Abstract

In September 1793, the French Atlantic fleet mutinied in Quiberon Bay and the sailors demanded to return to Brest in defiance of government orders and their admiral’s authority. Beyond interpretations which emphasize a counter-revolutionary conspiracy or the collapse of discipline, the Quiberon mutiny illustrates a fundamental characteristic of the political situation throughout France. The inherent ambiguity of popular sovereignty created confusion and conflict over the location of legitimate revolutionary authority: was national authority to be identified with executive power and its agents, or was the Will of the Sovereign People to be expressed in the decisions of local administrations or even the direct democracy of sailors?
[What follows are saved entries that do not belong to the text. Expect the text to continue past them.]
lemma independent_Un_lift:
  assumes "vector_space sB" "vector_space sR" "Vector_Spaces.linear sB sR g"
    and "\<not> module.dependent sB A" "A \<subseteq> {b. g b = 0}"
    and "finite X" "inj_on g X" "\<not> module.dependent sR (g ` X)"
  shows "\<not> module.dependent sB (A \<union> X)" and "A \<inter> X = {}"
proof -
  interpret B: vector_space sB by fact
  interpret R: vector_space sR by fact
  interpret G: Vector_Spaces.linear sB sR g by fact
  show "A \<inter> X = {}"
  proof (rule ccontr)
    assume "A \<inter> X \<noteq> {}"
    then have "0 \<in> g ` X"
      using assms(5) by force
    then show False
      using assms(8) R.dependent_zero by blast
  qed
  show "\<not> B.dependent (A \<union> X)"
    using \<open>finite X\<close> \<open>inj_on g X\<close> \<open>\<not> R.dependent (g ` X)\<close>
  proof (induction X rule: finite_induct)
    case empty
    then show ?case using assms(4) by simp
  next
    case (insert x X)
    have "\<not> R.dependent (g ` X)"
      using insert.prems(2) R.independent_mono[OF _ subset_insertI] by auto
    then have IH: "\<not> B.dependent (A \<union> X)"
      using insert.IH insert.prems(1) by (simp add: inj_on_insert)
    have "g x \<notin> R.span (g ` X)"
      using insert.prems insert.hyps(2) by (simp add: R.independent_insert inj_on_insert)
    moreover have "g ` B.span (A \<union> X) \<subseteq> R.span (g ` X)"
    proof -
      have "g ` (A \<union> X) \<subseteq> insert 0 (g ` X)"
        using assms(5) by auto
      then show ?thesis
        by (metis G.span_image R.span_insert_0 R.span_mono)
    qed
    ultimately have "x \<notin> B.span (A \<union> X)"
      by blast
    then show ?case
      using IH by (auto simp: B.independent_insert insert_absorb)
  qed
qed

definition iterates :: "('v \<Rightarrow> 'v) \<Rightarrow> 'v set \<Rightarrow> 'v set" where
  "iterates N H = {(N ^^ m) x | x m. x \<in> H}"

lemma iterates_subset_span_jordan:
  assumes "vector_space s" "Vector_Spaces.linear s s N"
    and nil: "\<forall>j<length mu. (N ^^ (mu ! j)) (vs ! j) = 0"
    and spans: "module.span s (jordan_vec N vs ` jordan_idx mu) = UNIV"
  shows "iterates N H \<subseteq> module.span s
    ((\<lambda>(x, m). (N ^^ m) x) ` (H \<times> {..<k}) \<union> jordan_vec N vs ` {(j, m) \<in> jordan_idx mu. k \<le> m})"
    (is "_ \<subseteq> module.span s (?Z \<union> ?T)")
proof
  interpret vector_space s by fact
  fix y assume "y \<in> iterates N H"
  then obtain x m where "x \<in> H" and y: "y = (N ^^ m) x"
    by (auto simp: iterates_def)
  show "y \<in> span (?Z \<union> ?T)"
  proof (cases "m < k")
    case True
    then have "y \<in> ?Z"
      using \<open>x \<in> H\<close> y by force
    then show ?thesis by (simp add: span_base)
  next
    case False
    then have "y = (N ^^ k) ((N ^^ (m - k)) x)"
      using y by (simp flip: funpow_add comp_apply[of "N ^^ _" "N ^^ _"])
    also have "\<dots> \<in> span ?T"
      by (rule funpow_in_span_jordan_tail[OF assms])
    finally show ?thesis by (meson span_mono sup_ge2 subsetD)
  qed
qed

lemma card_independent_in_iterates_le:
  assumes "vector_space s" "Vector_Spaces.linear s s N" "jordan_type s N mu"
    and "finite W" "finite H" "card H \<le> q"
    and indep: "\<not> module.dependent s S" and S: "S \<subseteq> W \<union> iterates N H"
  shows "card S \<le> card W + (\<Sum>j<q. part mu j)"
proof -
  interpret vector_space s by fact
  obtain vs where nil: "\<forall>j<length mu. (N ^^ (mu ! j)) (vs ! j) = 0"
    and spans: "span (jordan_vec N vs ` jordan_idx mu) = UNIV"
    using \<open>jordan_type s N mu\<close> unfolding jordan_type_iff by blast
  have sorted: "sorted_wrt (\<ge>) mu"
    using \<open>jordan_type s N mu\<close> by (simp add: jordan_type_iff is_partition_def)
  define k where "k = part mu q"
  define Z where "Z = (\<lambda>(x, m). (N ^^ m) x) ` (H \<times> {..<k})"
  define T where "T = jordan_vec N vs ` {(j, m) \<in> jordan_idx mu. k \<le> m}"
  have "iterates N H \<subseteq> span (Z \<union> T)"
    unfolding Z_def T_def by (rule iterates_subset_span_jordan[OF assms(1,2) nil spans])
  then have "S \<subseteq> W \<union> span (Z \<union> T)"
    using S by auto
  also have "\<dots> \<subseteq> span (W \<union> (Z \<union> T))"
    by (intro Un_least order_trans[OF span_superset span_mono] span_mono) auto
  finally have "S \<subseteq> span (W \<union> (Z \<union> T))" .
  moreover have "finite (W \<union> (Z \<union> T))"
    using \<open>finite W\<close> \<open>finite H\<close> by (simp add: Z_def T_def)
  ultimately have "card S \<le> card (W \<union> (Z \<union> T))"
    using independent_span_bound[OF _ indep, of "W \<union> (Z \<union> T)"] by simp
  moreover have "card (W \<union> (Z \<union> T)) \<le> card W + (card Z + card T)"
    using card_Un_le[of W "Z \<union> T"] card_Un_le[of Z T] by linarith
  moreover have "card Z \<le> q * k"
  proof -
    have "card Z \<le> card H * k"
      unfolding Z_def using card_image_le[of "H \<times> {..<k}"] \<open>finite H\<close>
      by (simp add: card_cartesian_product)
    then show ?thesis
      using \<open>card H \<le> q\<close> by (meson mult_le_mono1 order_trans)
  qed
  moreover have "card T \<le> (\<Sum>j<length mu. mu ! j - k)"
    unfolding T_def card_jordan_idx_from[symmetric] by (rule card_image_le) simp
  moreover have "q * k + (\<Sum>j<length mu. mu ! j - k) = (\<Sum>j<q. part mu j)"
    unfolding k_def by (rule sum_prefix_part_eq[OF sorted, symmetric])
  ultimately show ?thesis by linarith
qed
Jeanbon Saint-André and the Committee of Public Safety were justified in linking naval disorder to Brest’s participation in the “Federalist Revolt” against the Convention in the spring and summer of 1793. Yet just as the Revolt is no longer interpreted as a direct reflection of the parliamentary conflict, neither should the navy be seen as divided clearly between partisans of the Montagnards and the “Girondins.” In Brest, as elsewhere, moderate republicans rebelled against revolutionary extremism and justified their resistance as more legitimate than the rule of the purged Convention. The fleet was also torn between political moderates and radical revolutionaries, but the more fundamental cause of the mutiny concerned division over the location of national authority. When the Nation’s Will ceased to be equated with the authority of agents of executive power, the commanding officers, mutiny became unavoidable. The mutiny of the Brest fleet was thus a microcosm of the larger political struggle in 1793 over whether the government of the state should be acknowledged as the only legitimate expression of popular sovereignty.